Estiveram presentes na cerimónia de homenagem a Humberto Delgado cerca de uma dúzia de cidadãs e cidadãos nacionais, entre os quais:- Paulo Mateus, anterior presidente da Junta de Freguesia de Cela (Nova) e actual vereador da Câmara Municipal de Alcobaça, que compareceu em representação do presidente da mesma Câmara Municipal, Hermínio Rodrigues, que não pôde comparecer por motivos de força maior;- Armando Marques Simões, um dos membros da comissão que dinamizou a construção do Monumento ao General Humberto Delgado, da autoria do Mestre Escultor José Aurélio, inaugurado em 22 de Julho de 1976;- O autor e promotor desta inciativa, um filho da terra, aqui conhecido por “Paulo Quim”, nome pelo qual deseja ser tratado no âmbito da presente iniciativa, tal como de outras que tenciona levar a cabo no futuro juntamente com todas as mulheres e homens de boa vontade. Iniciativas estas destinadas não só a perpetuar a memória do General Sem Medo, como também a assegurar o desenvolvimento da Cela Velha.
A cerimónia consistiu numa singela e sentida homenagem ao General Sem Medo, nomeadamente através do seguinte:- A deposição de uma coroa de flores junto do Monumento ao General Humberto Delgado, efectuada por Alberto Fróis, de 88 anos de idade, residente em Cela Velha e que conheceu pessoalmente o general, o qual usou da palavra por breves instantes e respondeu a perguntas, tendo designadamente dito que o seu propósito em comparecer na cerimónia foi o de prestar homenagem a um grande homem;- O uso da palavra por Paulo Mateus, que se dirigiu aos presentes, não tanto em razão das funções autárquicas que actualmente desempenha, mas como “celense”, como o mesmo expressa e orgulhosamente anunciou;- A resposta a perguntas por Olinda Nobre dos Santos, de 89 anos de idade, que foi caseira da casa de família de Humberto Delgado e da sua esposa Maria Iva Delgado, a chamada Quinta da Cela Velha;- A leitura da mensagem ditada por Iva Delgado, a filha sobreviva do General Humberto Delgado, a qual não pôde comparecer na cerimónia em razão da sua idade, a qual foi enviada electronicamente por Frederico Delgado Rosa, filho de Iva Delgado e portanto um dos netos de Humberto Delgado, tendo a mencionada mensagem ditada sido lida por uma das cidadãs presentes na efeméride;- A visualização e audição da mensagem de vídeo enviada por Whatsapp por João Soares, na impossibilidade da sua comparência pessoal.

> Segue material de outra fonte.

(* Let $L$ be an operator of order $n>0$ in normal form in $A_1(\mathbf{C})$, and consider its test-filtration $\delta_{p,q}$. Assume that the symbol $\sigma(L)\in\mathbf{C}[\chi,\xi]$ is a power of an irreducible polynomial $g\in\mathbf{C}[\chi,\xi]$. Then for every nonzero $M$ in the centralizer $\mathcal{C}(L)=\{M\in A_1(\mathbf{C}):[L,M]=0\}$, the symbol $\sigma(M)$ is (a nonzero constant multiple of) a power of $g$.
   Context: $A_1(\mathbf{C})$ is the first Weyl algebra of operators $P=\sum a_{ij}x^i\partial^j$, $[\partial,x]=1$; normal form means $P=\partial^n+u_{n-2}\partial^{n-2}+\dots+u_0$. Newton diagram $\mathcal{N}(P)=\{(i,j):a_{ij}\neq0\}$. For nonnegative integers $p,q$, $p+q>0$, $\Lambda_{p,q}(i,j)=pi+qj$, $\delta_{p,q}(P)=\max_{(i,j)\in\mathcal{N}(P)}\Lambda_{p,q}(i,j)$, and the symbol of $P$ is the polynomial $\sigma(P)=\sum_{\Lambda_{p,q}(i,j)=\delta_{p,q}(P)}a_{ij}\chi^i\xi^j\in\mathbf{C}[\chi,\xi]$. The test-filtration for $L\neq\partial^n$ is the $\delta_{p,q}$ for the (up to scaling unique) linear form with $\delta_{p,q}(L)=\Lambda_{p,q}(0,n)=\Lambda_{p,q}(a,b)$ for some $(a,b)\in\mathcal{N}(L)\setminus\{(0,n)\}$. *)

theory Defs
  imports "HOL-Computational_Algebra.Polynomial_Factorial"
begin

text \<open>An element of the first Weyl algebra A_1(C) is represented by its
coefficient function: P = sum a(i,j) x^i d^j (normally ordered, x to the left),
with a(i,j) = P (i,j); elements are required to have finite support.\<close>

type_synonym weyl = "nat \<times> nat \<Rightarrow> complex"

definition newton :: "weyl \<Rightarrow> (nat \<times> nat) set" where
  "newton P = {ij. P ij \<noteq> 0}"

definition is_weyl :: "weyl \<Rightarrow> bool" where
  "is_weyl P \<longleftrightarrow> finite (newton P)"

text \<open>Product in A_1 using  d^j x^k = sum_t C(j,t) C(k,t) t! x^(k-t) d^(j-t).\<close>
definition weyl_mult :: "weyl \<Rightarrow> weyl \<Rightarrow> weyl" where
  "weyl_mult P Q = (\<lambda>(a, b).
     \<Sum>(i, j)\<in>newton P. \<Sum>(k, l)\<in>newton Q. \<Sum>t\<in>{..min j k}.
       (if i + k - t = a \<and> j + l - t = b
        then P (i, j) * Q (k, l) * of_nat ((j choose t) * (k choose t) * fact t)
        else 0))"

Mensagem esta que alguém já apelidou de documento histórico, na qual o mesmo presta a sua sentida homenagem ao General Sem Medo, e cita de cor acontecimentos muito relevantes da nossa História recente, entre os quais pormenores do bárbaro assassinato de Humberto Delgado e de Arajary de Campos, cidadã brasileira, secretária e companheira do General Sem Medo. João Soares é uma relevante figura nacional, tendo ocupado, nomeadamente, os cargos de presidente da Câmara Municipal de Lisboa, deputado à Assembleia da República e ministro do Governo de Portugal. É filho de Maria Barroso Soares e de Mário Soares, tendo este sido o principal denunciante do assassinato do General Humberto Delgado, ainda no tempo do chamado “Estado Novo” e que, depois da instauração do actual regime democrático na sequência da Revolução de 25 de Abril de 1974, foi, para além do mais, secretário geral do Partido Socialista (PS), primeiro-ministro do Governo de Portugal e Presidente da República Portuguesa;- Resposta a perguntas por Armando Marques Simões, o qual transmitiu que com a sua presença pretendia prestar uma homenagem à memória de Humberto Delgado;- Resposta a perguntas por mais quatro cidadãs, depois do repto lançada para esse efeito, as quais deram todas o seu sentido testemunho sobre os motivos que as levaram a comparecer na cerimónia, todos fundados na intenção de homenagear a memória do General Sem Medo.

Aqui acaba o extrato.